## [Your instructions]
Which lines in the listing below contain the word "lemma"? Copy each one.

---------- Information ----------

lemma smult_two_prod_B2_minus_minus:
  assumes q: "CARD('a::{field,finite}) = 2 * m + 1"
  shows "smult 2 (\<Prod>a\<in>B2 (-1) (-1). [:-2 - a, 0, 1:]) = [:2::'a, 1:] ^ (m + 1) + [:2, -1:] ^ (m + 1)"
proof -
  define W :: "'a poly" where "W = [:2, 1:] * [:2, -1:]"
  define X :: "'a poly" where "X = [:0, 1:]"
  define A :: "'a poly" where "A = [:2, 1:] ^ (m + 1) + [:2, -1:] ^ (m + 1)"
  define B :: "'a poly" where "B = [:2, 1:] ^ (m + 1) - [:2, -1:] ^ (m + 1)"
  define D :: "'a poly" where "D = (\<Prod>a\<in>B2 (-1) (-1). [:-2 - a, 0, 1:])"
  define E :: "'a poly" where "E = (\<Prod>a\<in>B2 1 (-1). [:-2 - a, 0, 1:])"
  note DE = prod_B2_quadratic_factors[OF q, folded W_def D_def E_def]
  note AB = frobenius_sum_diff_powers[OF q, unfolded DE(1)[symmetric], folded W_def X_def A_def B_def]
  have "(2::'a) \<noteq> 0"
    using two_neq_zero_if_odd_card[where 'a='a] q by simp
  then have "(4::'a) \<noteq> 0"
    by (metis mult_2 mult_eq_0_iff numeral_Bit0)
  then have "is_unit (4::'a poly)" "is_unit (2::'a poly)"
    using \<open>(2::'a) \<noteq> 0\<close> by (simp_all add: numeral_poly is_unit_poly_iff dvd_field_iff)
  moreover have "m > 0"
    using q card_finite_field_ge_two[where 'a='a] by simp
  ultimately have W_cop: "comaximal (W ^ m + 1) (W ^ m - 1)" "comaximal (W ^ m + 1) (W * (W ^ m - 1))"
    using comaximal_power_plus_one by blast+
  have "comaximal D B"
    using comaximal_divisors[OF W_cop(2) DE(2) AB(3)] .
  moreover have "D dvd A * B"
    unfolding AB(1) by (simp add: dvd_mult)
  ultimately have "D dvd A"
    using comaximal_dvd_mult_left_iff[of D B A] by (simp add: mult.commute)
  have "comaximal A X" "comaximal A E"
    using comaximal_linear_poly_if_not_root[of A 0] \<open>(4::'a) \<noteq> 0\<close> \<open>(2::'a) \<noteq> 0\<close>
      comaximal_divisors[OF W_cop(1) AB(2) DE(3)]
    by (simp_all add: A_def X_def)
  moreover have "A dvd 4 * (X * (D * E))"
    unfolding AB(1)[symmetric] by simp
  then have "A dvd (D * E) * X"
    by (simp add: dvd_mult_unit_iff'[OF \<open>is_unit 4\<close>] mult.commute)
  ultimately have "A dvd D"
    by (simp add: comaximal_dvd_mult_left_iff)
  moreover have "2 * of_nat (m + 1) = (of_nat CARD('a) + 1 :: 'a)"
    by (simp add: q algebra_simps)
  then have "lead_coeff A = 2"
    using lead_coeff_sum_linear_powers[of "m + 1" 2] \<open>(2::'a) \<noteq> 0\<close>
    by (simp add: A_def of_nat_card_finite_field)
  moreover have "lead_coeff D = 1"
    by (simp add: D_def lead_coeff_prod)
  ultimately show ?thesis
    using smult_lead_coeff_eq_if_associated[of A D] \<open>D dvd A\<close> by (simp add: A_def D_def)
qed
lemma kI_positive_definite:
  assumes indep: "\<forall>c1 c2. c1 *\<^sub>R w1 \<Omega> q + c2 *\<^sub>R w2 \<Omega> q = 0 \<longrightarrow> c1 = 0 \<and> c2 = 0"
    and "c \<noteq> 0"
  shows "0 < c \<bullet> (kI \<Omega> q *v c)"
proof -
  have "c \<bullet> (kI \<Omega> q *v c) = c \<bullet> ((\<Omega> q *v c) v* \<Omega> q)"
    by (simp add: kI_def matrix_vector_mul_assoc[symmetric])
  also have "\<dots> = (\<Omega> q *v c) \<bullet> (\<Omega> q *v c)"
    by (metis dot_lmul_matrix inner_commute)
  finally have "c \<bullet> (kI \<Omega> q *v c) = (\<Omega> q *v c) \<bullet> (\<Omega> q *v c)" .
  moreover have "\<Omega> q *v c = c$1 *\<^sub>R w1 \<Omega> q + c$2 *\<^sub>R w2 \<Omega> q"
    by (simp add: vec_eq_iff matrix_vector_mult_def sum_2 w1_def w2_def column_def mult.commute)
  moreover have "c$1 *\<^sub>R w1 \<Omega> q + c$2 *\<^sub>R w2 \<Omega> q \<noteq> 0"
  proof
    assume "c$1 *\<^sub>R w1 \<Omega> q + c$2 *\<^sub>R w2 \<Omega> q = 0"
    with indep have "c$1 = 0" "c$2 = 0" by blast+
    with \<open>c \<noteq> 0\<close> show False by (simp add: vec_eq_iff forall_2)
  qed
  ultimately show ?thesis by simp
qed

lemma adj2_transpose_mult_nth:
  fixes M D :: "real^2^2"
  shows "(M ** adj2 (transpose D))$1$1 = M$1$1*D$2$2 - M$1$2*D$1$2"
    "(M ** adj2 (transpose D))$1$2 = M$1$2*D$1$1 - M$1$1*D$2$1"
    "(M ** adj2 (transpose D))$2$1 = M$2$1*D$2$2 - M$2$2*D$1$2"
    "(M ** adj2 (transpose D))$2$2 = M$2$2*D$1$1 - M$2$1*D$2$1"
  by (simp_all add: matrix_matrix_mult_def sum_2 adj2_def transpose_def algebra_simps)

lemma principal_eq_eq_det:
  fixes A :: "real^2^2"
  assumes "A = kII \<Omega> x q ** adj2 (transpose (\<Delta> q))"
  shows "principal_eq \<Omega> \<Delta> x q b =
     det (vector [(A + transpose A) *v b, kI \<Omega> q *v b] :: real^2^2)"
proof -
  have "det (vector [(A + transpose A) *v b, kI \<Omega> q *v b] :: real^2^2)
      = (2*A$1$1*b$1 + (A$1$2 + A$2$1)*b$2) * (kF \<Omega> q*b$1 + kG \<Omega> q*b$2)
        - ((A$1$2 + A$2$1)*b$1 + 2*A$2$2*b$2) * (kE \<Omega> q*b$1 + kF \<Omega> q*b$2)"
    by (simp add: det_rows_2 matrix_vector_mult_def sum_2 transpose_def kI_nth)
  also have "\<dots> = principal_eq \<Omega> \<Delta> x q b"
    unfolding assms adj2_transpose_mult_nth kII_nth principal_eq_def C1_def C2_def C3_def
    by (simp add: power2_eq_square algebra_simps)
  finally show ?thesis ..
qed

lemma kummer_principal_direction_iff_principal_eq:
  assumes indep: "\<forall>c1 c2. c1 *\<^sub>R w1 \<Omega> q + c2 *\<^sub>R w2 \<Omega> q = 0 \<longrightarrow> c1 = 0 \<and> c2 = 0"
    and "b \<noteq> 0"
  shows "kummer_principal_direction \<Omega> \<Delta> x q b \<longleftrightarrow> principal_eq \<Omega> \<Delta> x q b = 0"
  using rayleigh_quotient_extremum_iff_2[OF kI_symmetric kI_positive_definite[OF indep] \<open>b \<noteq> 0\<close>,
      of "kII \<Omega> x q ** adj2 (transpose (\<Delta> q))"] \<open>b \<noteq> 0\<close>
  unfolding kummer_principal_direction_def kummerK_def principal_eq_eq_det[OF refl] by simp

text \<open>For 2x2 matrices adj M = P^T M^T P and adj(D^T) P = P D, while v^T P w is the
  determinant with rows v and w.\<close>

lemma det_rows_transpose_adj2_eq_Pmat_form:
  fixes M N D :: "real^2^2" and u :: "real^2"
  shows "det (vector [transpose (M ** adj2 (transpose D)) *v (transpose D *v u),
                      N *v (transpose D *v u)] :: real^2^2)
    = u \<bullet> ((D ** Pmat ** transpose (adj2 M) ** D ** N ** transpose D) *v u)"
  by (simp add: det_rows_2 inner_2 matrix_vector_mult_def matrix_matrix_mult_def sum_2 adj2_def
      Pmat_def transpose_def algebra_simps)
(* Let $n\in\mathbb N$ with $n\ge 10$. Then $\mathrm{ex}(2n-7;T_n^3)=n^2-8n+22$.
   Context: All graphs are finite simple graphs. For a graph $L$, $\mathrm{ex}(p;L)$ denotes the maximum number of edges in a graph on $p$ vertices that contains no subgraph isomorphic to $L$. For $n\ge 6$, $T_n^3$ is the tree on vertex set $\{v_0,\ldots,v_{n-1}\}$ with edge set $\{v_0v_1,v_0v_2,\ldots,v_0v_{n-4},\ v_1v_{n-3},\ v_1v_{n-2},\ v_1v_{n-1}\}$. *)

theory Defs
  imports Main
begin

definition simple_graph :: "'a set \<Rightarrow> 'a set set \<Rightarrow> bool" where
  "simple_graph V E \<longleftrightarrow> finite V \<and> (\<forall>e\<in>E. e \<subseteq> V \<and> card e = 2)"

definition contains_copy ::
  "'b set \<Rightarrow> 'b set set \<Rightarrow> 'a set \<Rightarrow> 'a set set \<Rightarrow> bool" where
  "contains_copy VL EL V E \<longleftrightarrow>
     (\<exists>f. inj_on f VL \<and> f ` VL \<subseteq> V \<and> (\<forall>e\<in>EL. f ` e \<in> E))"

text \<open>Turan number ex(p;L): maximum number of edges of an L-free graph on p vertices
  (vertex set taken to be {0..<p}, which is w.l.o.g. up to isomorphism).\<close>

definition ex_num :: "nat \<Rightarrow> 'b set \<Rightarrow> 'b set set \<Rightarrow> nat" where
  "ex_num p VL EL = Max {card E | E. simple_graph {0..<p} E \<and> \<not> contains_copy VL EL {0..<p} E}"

----------

## [Exercise output]
lemma smult_two_prod_B2_minus_minus:
lemma kI_positive_definite:
lemma adj2_transpose_mult_nth:
lemma principal_eq_eq_det:
lemma kummer_principal_direction_iff_principal_eq:
lemma det_rows_transpose_adj2_eq_Pmat_form:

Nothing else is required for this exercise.